Il magazzino visto dall'esterno non sembrava molto grande, ma appena dentro era immenso. Subito il biondo sentì un tanfo terribile, quello della muffa che gli chiuse lo stomaco.

«Jimin, vieni a vedere» disse Joonwon. Jimin lo seguì camminando a passo svelto. «Cazzarola» disse infine fissando ciò che gli era stato detto di vedere.
Vi era un frigorifero, come quelli delle aziende di alimentari, forse utilizzato per il raffreddamento dei materiali. Poteva sembrare vuoto, ma non lo era affatto. Vi era un cadavere bianco come la neve, gli occhi spalancati in un grido.
Il viso era ricoperto da qualche macchia nero pece. La porta del frigorifero fu aperta per fare accedere la Scientifica. Le macchie nere ricoprivano il pavimento qua e là. Jimin indossò i guanti e il cadavere fu sdraiato a terra.
Si chinò per esaminare le macchie nere.

«È sangue» sussurrò fissando ancora quel volto ricco di sofferenze. Poteva ancora vedere i segni della sofferenza vissuta. Strinse gli occhi per non pensarci. Sicuramente quel pover uomo aveva provato dolore, panico, paura.
«Come fa ad esserne certo?» domandò una ragazza.
«È sangue» annunciò un membro della Scientifica. «L'organismo deve aver subito qualcosa di strano, qualche modifica e il sangue, così, ha preso questo colore, il nero. Lo sottoporremo ad un'autopsia»
«Controllate se ci siano documenti o cose varie» disse il biondo scattando una foto alla vittima, poi iniziò a perlustrare. La ragazza lo seguì.
«Signor Park» disse quasi inseguendolo.
«Che c'è ora, Seo-yon?»
«Sa, mi occupo delle indagini» fece vedere il distintivo quasi trionfante.
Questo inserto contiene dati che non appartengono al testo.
(* For all $a,b\ge2$: $D_2(a,b)=\binom{a}{2}\binom{b}{2}$; $D_3(2,b)=2\binom{b}{3}$; and $D_4(2,b)=3\binom{b}{3}+9\binom{b}{4}$.
   Context: A grid-labelled graph of type $(a,b)$ is a simple graph whose vertex set is the grid $[a]\times[b]$. An edge $\{(i,j),(k,l)\}$ is diagonal if $i\neq k$ and $j\neq l$. The partial transpose $\Gamma(G)$ is the grid-labelled graph with edge set $\{\{(k,j),(i,l)\}:\{(i,j),(k,l)\}\in E(G)\}$; $G$ satisfies the degree criterion if every vertex has the same degree in $G$ and in $\Gamma(G)$. $D_k(a,b)$ is the number of grid-labelled graphs of type $(a,b)$ with exactly $k$ edges, all diagonal, that satisfy the degree criterion. *)

theory Defs
  imports Main
begin

type_synonym vertex = "nat \<times> nat"

definition grid :: "nat \<Rightarrow> nat \<Rightarrow> vertex set" where
  "grid a b = {1..a} \<times> {1..b}"

definition grid_graph :: "nat \<Rightarrow> nat \<Rightarrow> vertex set set \<Rightarrow> bool" where
  "grid_graph a b E \<longleftrightarrow> (\<forall>e\<in>E. e \<subseteq> grid a b \<and> card e = 2)"

definition diagonal_edge :: "vertex set \<Rightarrow> bool" where
  "diagonal_edge e \<longleftrightarrow> (\<exists>i j k l. e = {(i,j),(k,l)} \<and> i \<noteq> k \<and> j \<noteq> l)"

definition partial_transpose :: "vertex set set \<Rightarrow> vertex set set" where
  "partial_transpose E = {{(k,j),(i,l)} | i j k l. {(i,j),(k,l)} \<in> E}"

definition degree :: "vertex set set \<Rightarrow> vertex \<Rightarrow> nat" where
  "degree E v = card {e \<in> E. v \<in> e}"

definition degree_criterion :: "nat \<Rightarrow> nat \<Rightarrow> vertex set set \<Rightarrow> bool" where
  "degree_criterion a b E \<longleftrightarrow>
     (\<forall>v\<in>grid a b. degree E v = degree (partial_transpose E) v)"

definition D :: "nat \<Rightarrow> nat \<Rightarrow> nat \<Rightarrow> nat" where
  "D k a b = card {E. grid_graph a b E \<and> card E = k \<and>
                      (\<forall>e\<in>E. diagonal_edge e) \<and> degree_criterion a b E}"

end

theory Submission
  imports Defs
begin

(*
  On a grid with two rows, a diagonal edge {(1,j),(2,l)} is an arc j -> l of a loopless digraph
  on [b], and the partial transpose reverses every arc; so the degree criterion says that every
  vertex has equal in- and out-degree.  Such Eulerian arc sets with three arcs are the directed
  triangles, and with four arcs they are the directed 4-cycles and the unions of two distinct
  2-cycles.  Both are counted by induction on b, sorting the sets that use the vertex b + 1 by
  its neighbourhood.  For two edges on an a x b grid, every vertex of one edge must lie on the
  partial transpose of the other, so the graph consists of the two diagonals of a rectangle
  R x C with |R| = |C| = 2.
*)

section \<open>Eulerian arc sets\<close>

definition eulerian :: "('a \<times> 'a) set \<Rightarrow> bool" where
  "eulerian A \<longleftrightarrow> (\<forall>v. card (A `` {v}) = card (A\<inverse> `` {v}))"

definition cycle_arcs :: "'a list \<Rightarrow> ('a \<times> 'a) set" where
  "cycle_arcs xs = set (zip xs (rotate1 xs))"

lemma eulerian_converse: "eulerian (A\<inverse>) \<longleftrightarrow> eulerian A"
  unfolding eulerian_def by (metis converse_converse)

lemma card_Image_Diff_subset:
  assumes "finite R" "S \<subseteq> R"
  shows "card ((R - S) `` {v}) = card (R `` {v}) - card (S `` {v})"
proof -
  have "(R - S) `` {v} = R `` {v} - S `` {v}" by blast
  moreover have "S `` {v} \<subseteq> R `` {v}" using assms(2) by blast
  ultimately show ?thesis using assms(1) by (simp add: card_Diff_subset finite_Image finite_subset)
qed

lemma eulerian_Diff:
  assumes "finite A" "C \<subseteq> A" "eulerian A" "eulerian C"
  shows "eulerian (A - C)"
proof -
  have "(A - C)\<inverse> = A\<inverse> - C\<inverse>" "C\<inverse> \<subseteq> A\<inverse>" using assms(2) by blast+
  then show ?thesis
    using assms unfolding eulerian_def by (simp add: card_Image_Diff_subset)
qed

lemma card_Image_Un_disjoint:
  assumes "finite R" "finite S" "R \<inter> S = {}"
  shows "card ((R \<union> S) `` {v}) = card (R `` {v}) + card (S `` {v})"
proof -
  have "R `` {v} \<inter> S `` {v} = {}" using assms(3) by blast
  then show ?thesis using assms(1,2) by (simp add: Un_Image card_Un_disjoint finite_Image)
qed

lemma eulerian_Un:
  assumes "finite A" "finite B" "A \<inter> B = {}" "eulerian A" "eulerian B"
  shows "eulerian (A \<union> B)"
proof -
  have "A\<inverse> \<inter> B\<inverse> = {}" using assms(3) by blast
  then show ?thesis
    using assms unfolding eulerian_def by (simp add: converse_Un card_Image_Un_disjoint)
qed

lemma card_Image_zip:
  assumes "distinct xs" "length xs = length ys"
  shows "card (set (zip xs ys) `` {v}) = (if v \<in> set xs then 1 else 0)"
proof (cases "v \<in> set xs")
  case True
  then obtain i where i: "i < length xs" "xs ! i = v" by (meson in_set_conv_nth)
  have "set (zip xs ys) `` {v} = {ys ! i}"
    using i assms by (auto simp: in_set_zip nth_eq_iff_index_eq)
  then show ?thesis using True by simp
next
  case False
  then show ?thesis by (auto dest: set_zip_leftD)
qed

lemma eulerian_cycle_arcs: "distinct xs \<Longrightarrow> eulerian (cycle_arcs xs)"
proof -
  assume "distinct xs"
  moreover have "(set (zip xs ys))\<inverse> = set (zip ys xs)" for ys :: "'a list"
    by (auto simp: zip_commute[of xs])
  ultimately show ?thesis
    unfolding eulerian_def cycle_arcs_def by (simp add: card_Image_zip)
qed

lemma card_cycle_arcs: "distinct xs \<Longrightarrow> card (cycle_arcs xs) = length xs"
  unfolding cycle_arcs_def by (simp add: distinct_card distinct_zipI1)

lemma rotate1_zip:
  "length xs = length ys \<Longrightarrow> rotate1 (zip xs ys) = zip (rotate1 xs) (rotate1 ys)"
  by (cases xs; cases ys) auto

lemma cycle_arcs_rotate: "cycle_arcs (rotate m xs) = cycle_arcs xs"
proof (induction m)
  case (Suc m)
  have "cycle_arcs (rotate1 ys) = cycle_arcs ys" for ys :: "'a list"
    unfolding cycle_arcs_def by (metis length_rotate1 rotate1_zip set_rotate1)
  then show ?case using Suc by simp
qed simp

lemma cycle_arcs_rotate_to_front:
  assumes "v \<in> set xs"
  obtains ys where "cycle_arcs (v # ys) = cycle_arcs xs" "set (v # ys) = set xs"
    "length (v # ys) = length xs" "distinct xs \<Longrightarrow> distinct (v # ys)"
proof -
  obtain as bs where "xs = as @ v # bs" using split_list[OF assms] by blast
  then have "rotate (length as) xs = v # (bs @ as)" by (simp add: rotate_append)
  then show ?thesis
    using that[of "bs @ as"] cycle_arcs_rotate[of "length as" xs]
    by (metis distinct_rotate length_rotate set_rotate)
qed

lemma Field_cycle_arcs: "Field (cycle_arcs xs) = set xs"
  unfolding cycle_arcs_def Field_def by (simp add: Domain_fst Range_snd flip: set_map)

lemma single_valued_cycle_arcs: "distinct xs \<Longrightarrow> single_valued (cycle_arcs xs)"
  unfolding single_valued_def cycle_arcs_def by (auto simp: in_set_zip nth_eq_iff_index_eq)

lemma nth_mem_cycle_arcs:
  "i < length xs \<Longrightarrow> (xs ! i, xs ! (Suc i mod length xs)) \<in> cycle_arcs xs"
  unfolding cycle_arcs_def in_set_zip by (auto simp: nth_rotate1)

lemma cycle_arcs_Cons_inj:
  assumes "distinct (v # xs)" "distinct (v # ys)" "cycle_arcs (v # xs) = cycle_arcs (v # ys)"
  shows "xs = ys"
proof -
  have len: "length xs = length ys" using assms card_cycle_arcs by (metis length_Cons nat.inject)
  have "(v # xs) ! i = (v # ys) ! i" if "i < length (v # xs)" for i
    using that
  proof (induction i)
    case (Suc i)
    then have "(v # xs) ! i = (v # ys) ! i" by simp
    moreover have "((v # xs) ! i, (v # xs) ! Suc i) \<in> cycle_arcs (v # xs)"
      using nth_mem_cycle_arcs[of i "v # xs"] Suc.prems by simp
    moreover have "((v # ys) ! i, (v # ys) ! Suc i) \<in> cycle_arcs (v # xs)"
      using nth_mem_cycle_arcs[of i "v # ys"] Suc.prems len assms(3) by simp
    ultimately show ?case
      using single_valued_cycle_arcs[OF assms(1)] by (metis single_valuedD)
  qed simp
  then show ?thesis using len by (metis list.inject nth_equalityI length_Cons)
qed

definition offdiag :: "'a set \<Rightarrow> ('a \<times> 'a) set" where
  "offdiag S = S \<times> S - Id"

definition doubletons :: "'a set \<Rightarrow> 'a set set" where
  "doubletons S = {T. T \<subseteq> S \<and> card T = 2}"

lemma card_doubletons: "finite S \<Longrightarrow> card (doubletons S) = card S choose 2"
  unfolding doubletons_def by (rule n_subsets)

lemma offdiag_mono: "S \<subseteq> T \<Longrightarrow> offdiag S \<subseteq> offdiag T"
  unfolding offdiag_def by auto

lemma mem_offdiag [simp]: "(x, y) \<in> offdiag S \<longleftrightarrow> x \<in> S \<and> y \<in> S \<and> x \<noteq> y"
  unfolding offdiag_def by auto

lemma finite_offdiag: "finite S \<Longrightarrow> finite (offdiag S)"
  unfolding offdiag_def by simp

lemma card_offdiag: "finite S \<Longrightarrow> card (offdiag S) = card S * (card S - 1)"
proof -
  assume "finite S"
  have "offdiag S = Sigma S (\<lambda>x. S - {x})" unfolding offdiag_def by auto
  with \<open>finite S\<close> show ?thesis by simp
qed

lemma irrefl_subset_offdiag: "A \<subseteq> offdiag S \<Longrightarrow> irrefl A"
  unfolding irrefl_def by auto

lemma Field_subset_offdiag: "A \<subseteq> offdiag S \<Longrightarrow> Field A \<subseteq> S"
  unfolding Field_def by force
Jimin lo fissò per un attimo e inarcò un sopracciglio.
«Okay» continuò a camminare tastando le pareti.
«Sa stavo pensando...» Jimin roteò gli occhi. «che per le indagini potremmo- Mi da fastidio darti del lei...mi da sui nervi»
«Sto lavorando, e dovresti farlo anche tu»
«Oppa, per favore»
«Non chiamarmi così al lavoro, potrebbero fraintendere»
«Dopotutto sei il mio fratellone» sussurrò ridendo e facendo roteare il distintivo su un dito. «Mi chiamo Park Seo-yon, sorella di Park Jimin»
«Sorellina, per l'esattezza»
«Sorellina per l'esattezza» scimmiottò Seo-yon. In effetti, lei aveva i tratti più giovani del biondo. Forse aveva all'incirca ventitré anni. I lunghi capelli marroni erano raccolti in una coda e la fronte era coperta da una leggera frangetta. Il suo sorriso da cerbiatto era considerato irritante. «Allora, fratellone...come va la relazione con Min-so?»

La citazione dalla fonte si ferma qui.